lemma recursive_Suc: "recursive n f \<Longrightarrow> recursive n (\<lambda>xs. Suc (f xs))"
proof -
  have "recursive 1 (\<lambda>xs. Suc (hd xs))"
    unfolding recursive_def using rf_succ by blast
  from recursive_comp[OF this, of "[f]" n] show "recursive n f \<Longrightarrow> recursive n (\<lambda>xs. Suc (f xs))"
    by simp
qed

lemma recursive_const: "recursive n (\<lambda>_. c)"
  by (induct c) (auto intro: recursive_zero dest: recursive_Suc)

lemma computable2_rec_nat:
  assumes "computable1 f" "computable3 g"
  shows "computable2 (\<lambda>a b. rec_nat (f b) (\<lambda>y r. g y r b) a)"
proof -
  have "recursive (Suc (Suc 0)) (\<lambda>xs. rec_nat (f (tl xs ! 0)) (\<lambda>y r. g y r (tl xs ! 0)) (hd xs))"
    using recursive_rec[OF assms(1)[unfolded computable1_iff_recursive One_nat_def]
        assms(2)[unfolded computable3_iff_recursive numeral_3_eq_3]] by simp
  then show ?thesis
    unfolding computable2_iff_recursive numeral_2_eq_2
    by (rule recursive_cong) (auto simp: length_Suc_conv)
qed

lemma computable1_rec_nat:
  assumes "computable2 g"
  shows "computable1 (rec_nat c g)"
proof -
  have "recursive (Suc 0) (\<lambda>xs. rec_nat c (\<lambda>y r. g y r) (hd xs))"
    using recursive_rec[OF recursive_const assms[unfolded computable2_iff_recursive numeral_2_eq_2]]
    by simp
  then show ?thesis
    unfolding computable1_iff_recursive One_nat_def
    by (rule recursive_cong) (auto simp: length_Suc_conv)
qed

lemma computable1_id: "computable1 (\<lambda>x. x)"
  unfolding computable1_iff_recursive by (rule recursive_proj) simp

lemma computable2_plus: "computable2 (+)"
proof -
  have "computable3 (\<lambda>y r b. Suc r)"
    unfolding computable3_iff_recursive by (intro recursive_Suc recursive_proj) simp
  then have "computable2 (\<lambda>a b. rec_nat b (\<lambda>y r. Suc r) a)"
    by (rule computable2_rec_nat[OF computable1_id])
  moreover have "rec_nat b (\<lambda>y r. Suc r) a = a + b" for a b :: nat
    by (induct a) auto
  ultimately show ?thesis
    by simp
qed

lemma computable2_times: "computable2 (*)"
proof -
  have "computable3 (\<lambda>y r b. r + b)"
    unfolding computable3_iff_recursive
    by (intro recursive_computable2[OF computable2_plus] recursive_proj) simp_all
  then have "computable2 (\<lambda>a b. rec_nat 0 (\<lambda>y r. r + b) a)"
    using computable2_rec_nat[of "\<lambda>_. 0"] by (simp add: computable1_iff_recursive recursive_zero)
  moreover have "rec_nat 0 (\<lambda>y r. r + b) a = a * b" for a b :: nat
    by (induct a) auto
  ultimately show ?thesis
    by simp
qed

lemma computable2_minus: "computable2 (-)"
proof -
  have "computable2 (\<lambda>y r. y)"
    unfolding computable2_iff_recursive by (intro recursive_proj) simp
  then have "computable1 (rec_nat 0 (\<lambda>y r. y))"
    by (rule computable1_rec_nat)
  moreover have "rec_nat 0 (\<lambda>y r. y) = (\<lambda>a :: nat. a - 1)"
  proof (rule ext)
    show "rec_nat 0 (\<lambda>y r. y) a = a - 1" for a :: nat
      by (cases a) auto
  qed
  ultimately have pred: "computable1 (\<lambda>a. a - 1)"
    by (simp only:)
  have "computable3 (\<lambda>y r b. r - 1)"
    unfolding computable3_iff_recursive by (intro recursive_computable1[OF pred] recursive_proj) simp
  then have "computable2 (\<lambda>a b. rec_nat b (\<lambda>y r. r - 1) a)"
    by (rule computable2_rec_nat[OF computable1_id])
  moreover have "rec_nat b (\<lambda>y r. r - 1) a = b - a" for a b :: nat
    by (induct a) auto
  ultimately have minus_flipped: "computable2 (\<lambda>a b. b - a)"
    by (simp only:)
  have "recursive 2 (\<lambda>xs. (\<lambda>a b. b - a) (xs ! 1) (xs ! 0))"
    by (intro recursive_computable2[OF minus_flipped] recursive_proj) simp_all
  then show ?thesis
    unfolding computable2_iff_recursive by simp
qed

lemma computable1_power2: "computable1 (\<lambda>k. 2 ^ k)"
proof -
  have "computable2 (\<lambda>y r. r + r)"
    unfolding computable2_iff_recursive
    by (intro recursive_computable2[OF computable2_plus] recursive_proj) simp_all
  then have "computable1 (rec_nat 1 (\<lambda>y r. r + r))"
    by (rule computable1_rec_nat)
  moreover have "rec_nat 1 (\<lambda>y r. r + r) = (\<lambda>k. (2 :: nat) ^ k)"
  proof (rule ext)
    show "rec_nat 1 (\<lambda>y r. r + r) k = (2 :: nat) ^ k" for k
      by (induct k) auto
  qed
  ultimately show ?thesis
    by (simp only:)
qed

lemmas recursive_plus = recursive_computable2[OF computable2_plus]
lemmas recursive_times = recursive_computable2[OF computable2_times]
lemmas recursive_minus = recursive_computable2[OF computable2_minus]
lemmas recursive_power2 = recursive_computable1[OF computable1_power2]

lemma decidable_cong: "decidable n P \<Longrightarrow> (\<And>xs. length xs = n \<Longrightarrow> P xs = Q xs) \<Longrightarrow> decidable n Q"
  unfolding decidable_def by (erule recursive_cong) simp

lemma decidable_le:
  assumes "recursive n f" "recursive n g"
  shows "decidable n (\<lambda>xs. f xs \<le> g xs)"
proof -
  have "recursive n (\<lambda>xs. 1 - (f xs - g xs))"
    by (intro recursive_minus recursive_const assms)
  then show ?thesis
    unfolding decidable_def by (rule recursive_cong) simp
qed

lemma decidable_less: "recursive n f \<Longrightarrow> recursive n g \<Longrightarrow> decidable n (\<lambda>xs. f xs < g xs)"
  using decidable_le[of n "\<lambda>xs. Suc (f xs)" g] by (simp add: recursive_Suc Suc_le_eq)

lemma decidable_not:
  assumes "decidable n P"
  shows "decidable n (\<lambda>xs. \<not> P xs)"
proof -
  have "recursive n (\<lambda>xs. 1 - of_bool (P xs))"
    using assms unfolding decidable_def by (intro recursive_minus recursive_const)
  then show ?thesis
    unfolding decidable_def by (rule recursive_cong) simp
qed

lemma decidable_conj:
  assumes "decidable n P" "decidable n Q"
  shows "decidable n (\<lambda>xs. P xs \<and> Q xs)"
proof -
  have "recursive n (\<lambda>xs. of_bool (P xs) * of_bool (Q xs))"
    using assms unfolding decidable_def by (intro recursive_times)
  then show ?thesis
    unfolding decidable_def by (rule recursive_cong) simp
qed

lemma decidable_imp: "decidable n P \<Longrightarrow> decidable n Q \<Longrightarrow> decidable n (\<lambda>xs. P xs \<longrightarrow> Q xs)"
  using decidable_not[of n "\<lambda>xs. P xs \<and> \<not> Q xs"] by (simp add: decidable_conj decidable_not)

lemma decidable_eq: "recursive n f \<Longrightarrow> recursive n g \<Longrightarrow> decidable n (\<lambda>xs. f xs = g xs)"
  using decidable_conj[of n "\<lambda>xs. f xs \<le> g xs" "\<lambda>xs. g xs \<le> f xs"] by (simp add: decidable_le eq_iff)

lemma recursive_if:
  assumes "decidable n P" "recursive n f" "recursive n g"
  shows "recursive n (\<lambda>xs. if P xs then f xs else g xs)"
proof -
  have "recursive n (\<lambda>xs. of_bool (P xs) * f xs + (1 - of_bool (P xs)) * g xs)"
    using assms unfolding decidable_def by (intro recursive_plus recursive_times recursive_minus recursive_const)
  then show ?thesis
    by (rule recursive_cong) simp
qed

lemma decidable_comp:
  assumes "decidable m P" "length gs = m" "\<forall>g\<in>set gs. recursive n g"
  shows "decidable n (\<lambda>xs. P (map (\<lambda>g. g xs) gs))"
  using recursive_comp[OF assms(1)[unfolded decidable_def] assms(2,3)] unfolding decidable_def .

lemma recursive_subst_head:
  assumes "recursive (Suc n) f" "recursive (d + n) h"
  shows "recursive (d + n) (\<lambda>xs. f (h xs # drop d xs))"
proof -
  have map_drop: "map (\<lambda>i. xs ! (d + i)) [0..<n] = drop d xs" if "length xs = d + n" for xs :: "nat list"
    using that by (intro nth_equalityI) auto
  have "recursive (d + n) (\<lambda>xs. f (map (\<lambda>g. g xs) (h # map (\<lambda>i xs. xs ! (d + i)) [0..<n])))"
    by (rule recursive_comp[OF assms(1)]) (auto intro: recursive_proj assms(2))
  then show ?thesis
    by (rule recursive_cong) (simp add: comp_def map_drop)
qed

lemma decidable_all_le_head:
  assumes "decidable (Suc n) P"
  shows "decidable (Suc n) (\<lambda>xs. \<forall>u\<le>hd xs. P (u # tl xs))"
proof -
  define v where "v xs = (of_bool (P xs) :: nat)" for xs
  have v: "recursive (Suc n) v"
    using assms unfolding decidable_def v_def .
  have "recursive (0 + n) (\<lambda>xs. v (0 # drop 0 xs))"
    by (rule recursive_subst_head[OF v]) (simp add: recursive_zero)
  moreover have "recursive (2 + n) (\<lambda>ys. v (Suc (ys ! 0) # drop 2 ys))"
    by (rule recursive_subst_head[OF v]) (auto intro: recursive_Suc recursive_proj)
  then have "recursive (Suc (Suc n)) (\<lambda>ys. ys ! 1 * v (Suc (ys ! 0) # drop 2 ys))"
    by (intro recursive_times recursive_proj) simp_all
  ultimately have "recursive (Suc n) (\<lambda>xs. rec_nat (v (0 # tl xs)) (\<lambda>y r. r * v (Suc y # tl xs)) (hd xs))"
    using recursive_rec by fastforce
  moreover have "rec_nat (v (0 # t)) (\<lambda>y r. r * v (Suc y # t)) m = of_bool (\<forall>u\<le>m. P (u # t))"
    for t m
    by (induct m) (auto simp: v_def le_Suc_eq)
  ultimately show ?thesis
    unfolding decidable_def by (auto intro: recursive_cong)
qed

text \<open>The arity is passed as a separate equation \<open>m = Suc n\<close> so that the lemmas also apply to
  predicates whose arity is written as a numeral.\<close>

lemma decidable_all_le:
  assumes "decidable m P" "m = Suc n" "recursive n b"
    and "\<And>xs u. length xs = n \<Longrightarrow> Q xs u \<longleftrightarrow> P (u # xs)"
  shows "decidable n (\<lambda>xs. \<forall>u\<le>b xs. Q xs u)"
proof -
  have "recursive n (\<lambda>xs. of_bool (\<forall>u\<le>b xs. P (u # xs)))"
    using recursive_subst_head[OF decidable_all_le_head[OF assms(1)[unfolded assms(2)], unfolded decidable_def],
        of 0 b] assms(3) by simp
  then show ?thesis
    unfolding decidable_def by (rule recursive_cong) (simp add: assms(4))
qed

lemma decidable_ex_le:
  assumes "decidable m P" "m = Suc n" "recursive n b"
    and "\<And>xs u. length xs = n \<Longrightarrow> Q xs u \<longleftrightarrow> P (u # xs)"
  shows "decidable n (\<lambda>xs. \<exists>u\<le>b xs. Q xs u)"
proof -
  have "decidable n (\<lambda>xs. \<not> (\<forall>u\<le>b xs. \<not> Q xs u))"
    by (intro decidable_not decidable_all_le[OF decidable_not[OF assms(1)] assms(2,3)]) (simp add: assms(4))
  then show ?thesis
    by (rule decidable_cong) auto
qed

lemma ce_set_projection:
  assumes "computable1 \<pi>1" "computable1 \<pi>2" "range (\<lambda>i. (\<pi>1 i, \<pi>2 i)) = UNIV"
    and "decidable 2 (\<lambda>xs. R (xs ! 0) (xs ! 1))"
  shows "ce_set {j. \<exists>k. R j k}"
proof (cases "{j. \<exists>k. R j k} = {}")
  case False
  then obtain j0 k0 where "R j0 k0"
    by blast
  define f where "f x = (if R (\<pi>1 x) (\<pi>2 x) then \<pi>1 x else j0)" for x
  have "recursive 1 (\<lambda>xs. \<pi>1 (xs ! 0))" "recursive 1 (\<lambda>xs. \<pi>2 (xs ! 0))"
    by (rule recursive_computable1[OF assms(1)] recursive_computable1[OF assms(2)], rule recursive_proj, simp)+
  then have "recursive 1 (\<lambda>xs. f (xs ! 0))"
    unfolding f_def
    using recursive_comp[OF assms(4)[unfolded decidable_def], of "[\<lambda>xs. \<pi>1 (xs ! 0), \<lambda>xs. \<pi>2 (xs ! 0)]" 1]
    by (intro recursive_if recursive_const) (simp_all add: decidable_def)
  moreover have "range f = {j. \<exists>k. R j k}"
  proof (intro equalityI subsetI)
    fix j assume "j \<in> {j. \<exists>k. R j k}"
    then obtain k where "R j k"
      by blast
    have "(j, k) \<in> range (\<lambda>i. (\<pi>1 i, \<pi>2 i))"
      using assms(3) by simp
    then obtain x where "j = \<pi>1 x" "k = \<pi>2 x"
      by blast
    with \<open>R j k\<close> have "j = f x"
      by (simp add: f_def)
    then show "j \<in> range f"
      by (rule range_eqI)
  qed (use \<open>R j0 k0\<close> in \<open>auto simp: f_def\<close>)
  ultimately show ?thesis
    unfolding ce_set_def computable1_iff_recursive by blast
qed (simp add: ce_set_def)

==

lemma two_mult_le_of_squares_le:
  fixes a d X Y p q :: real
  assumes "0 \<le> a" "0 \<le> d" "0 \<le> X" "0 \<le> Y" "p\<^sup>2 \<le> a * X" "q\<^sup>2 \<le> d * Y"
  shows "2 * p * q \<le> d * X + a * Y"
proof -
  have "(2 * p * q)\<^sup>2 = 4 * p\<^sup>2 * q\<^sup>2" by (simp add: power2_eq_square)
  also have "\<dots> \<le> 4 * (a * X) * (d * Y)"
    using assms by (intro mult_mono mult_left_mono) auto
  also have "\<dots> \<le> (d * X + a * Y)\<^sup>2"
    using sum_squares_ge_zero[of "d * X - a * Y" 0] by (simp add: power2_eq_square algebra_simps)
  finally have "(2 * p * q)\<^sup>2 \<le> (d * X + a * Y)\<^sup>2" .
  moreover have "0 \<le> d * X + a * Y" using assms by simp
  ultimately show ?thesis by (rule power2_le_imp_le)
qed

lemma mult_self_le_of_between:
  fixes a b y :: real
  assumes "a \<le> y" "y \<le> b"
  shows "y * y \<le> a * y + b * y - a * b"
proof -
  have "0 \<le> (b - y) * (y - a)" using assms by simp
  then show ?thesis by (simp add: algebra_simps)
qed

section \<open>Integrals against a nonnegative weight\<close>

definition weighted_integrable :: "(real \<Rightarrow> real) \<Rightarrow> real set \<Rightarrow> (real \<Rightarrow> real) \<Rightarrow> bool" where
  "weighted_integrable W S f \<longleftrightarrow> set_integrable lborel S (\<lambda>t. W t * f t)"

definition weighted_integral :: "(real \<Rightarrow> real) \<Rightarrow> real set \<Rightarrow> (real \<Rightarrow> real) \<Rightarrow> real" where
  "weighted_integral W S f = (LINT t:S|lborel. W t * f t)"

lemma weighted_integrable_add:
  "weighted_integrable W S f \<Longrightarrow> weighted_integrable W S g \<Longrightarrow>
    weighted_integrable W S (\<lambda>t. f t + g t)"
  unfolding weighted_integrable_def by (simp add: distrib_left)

==

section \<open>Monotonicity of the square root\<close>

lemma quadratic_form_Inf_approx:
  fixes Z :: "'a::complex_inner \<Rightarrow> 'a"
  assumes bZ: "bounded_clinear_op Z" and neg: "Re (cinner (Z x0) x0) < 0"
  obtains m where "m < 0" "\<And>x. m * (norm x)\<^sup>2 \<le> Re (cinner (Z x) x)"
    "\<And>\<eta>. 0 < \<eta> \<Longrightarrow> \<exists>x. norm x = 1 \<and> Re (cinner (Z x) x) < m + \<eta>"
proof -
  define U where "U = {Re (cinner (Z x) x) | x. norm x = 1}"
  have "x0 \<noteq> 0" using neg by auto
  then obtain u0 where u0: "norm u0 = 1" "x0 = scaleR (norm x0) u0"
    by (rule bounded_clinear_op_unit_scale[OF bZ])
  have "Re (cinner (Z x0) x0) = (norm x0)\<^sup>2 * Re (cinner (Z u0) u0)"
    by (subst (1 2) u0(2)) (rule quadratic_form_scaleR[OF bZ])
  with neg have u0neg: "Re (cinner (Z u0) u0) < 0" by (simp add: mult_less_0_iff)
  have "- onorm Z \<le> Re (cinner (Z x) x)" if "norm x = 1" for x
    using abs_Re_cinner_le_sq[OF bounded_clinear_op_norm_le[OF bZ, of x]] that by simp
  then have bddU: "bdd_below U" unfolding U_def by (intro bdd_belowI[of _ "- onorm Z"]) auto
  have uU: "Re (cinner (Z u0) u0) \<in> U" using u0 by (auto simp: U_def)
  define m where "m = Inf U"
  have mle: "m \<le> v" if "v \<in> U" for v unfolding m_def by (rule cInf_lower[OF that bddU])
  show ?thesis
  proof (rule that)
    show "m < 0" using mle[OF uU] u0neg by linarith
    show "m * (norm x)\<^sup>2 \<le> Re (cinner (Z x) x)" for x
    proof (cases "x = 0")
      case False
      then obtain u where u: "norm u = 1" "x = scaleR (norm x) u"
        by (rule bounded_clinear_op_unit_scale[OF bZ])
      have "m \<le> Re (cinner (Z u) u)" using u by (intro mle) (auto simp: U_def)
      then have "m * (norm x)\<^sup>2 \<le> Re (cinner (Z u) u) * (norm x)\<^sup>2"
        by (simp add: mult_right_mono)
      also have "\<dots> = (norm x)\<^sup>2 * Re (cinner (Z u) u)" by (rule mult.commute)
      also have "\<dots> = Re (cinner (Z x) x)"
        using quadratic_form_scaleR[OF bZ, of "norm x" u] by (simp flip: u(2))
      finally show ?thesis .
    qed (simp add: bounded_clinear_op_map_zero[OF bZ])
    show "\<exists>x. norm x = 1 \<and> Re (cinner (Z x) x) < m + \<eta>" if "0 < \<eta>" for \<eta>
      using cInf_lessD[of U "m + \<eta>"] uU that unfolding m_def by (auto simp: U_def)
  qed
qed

→ **Work to complete**:
In the records, which lines use the word "exists"? Report them.

→ **Answer section**:
  shows "decidable n (\<lambda>xs. \<exists>u\<le>b xs. Q xs u)"
  shows "ce_set {j. \<exists>k. R j k}"
proof (cases "{j. \<exists>k. R j k} = {}")
  moreover have "range f = {j. \<exists>k. R j k}"
    fix j assume "j \<in> {j. \<exists>k. R j k}"
    "\<And>\<eta>. 0 < \<eta> \<Longrightarrow> \<exists>x. norm x = 1 \<and> Re (cinner (Z x) x) < m + \<eta>"
    show "\<exists>x. norm x = 1 \<and> Re (cinner (Z x) x) < m + \<eta>" if "0 < \<eta>" for \<eta>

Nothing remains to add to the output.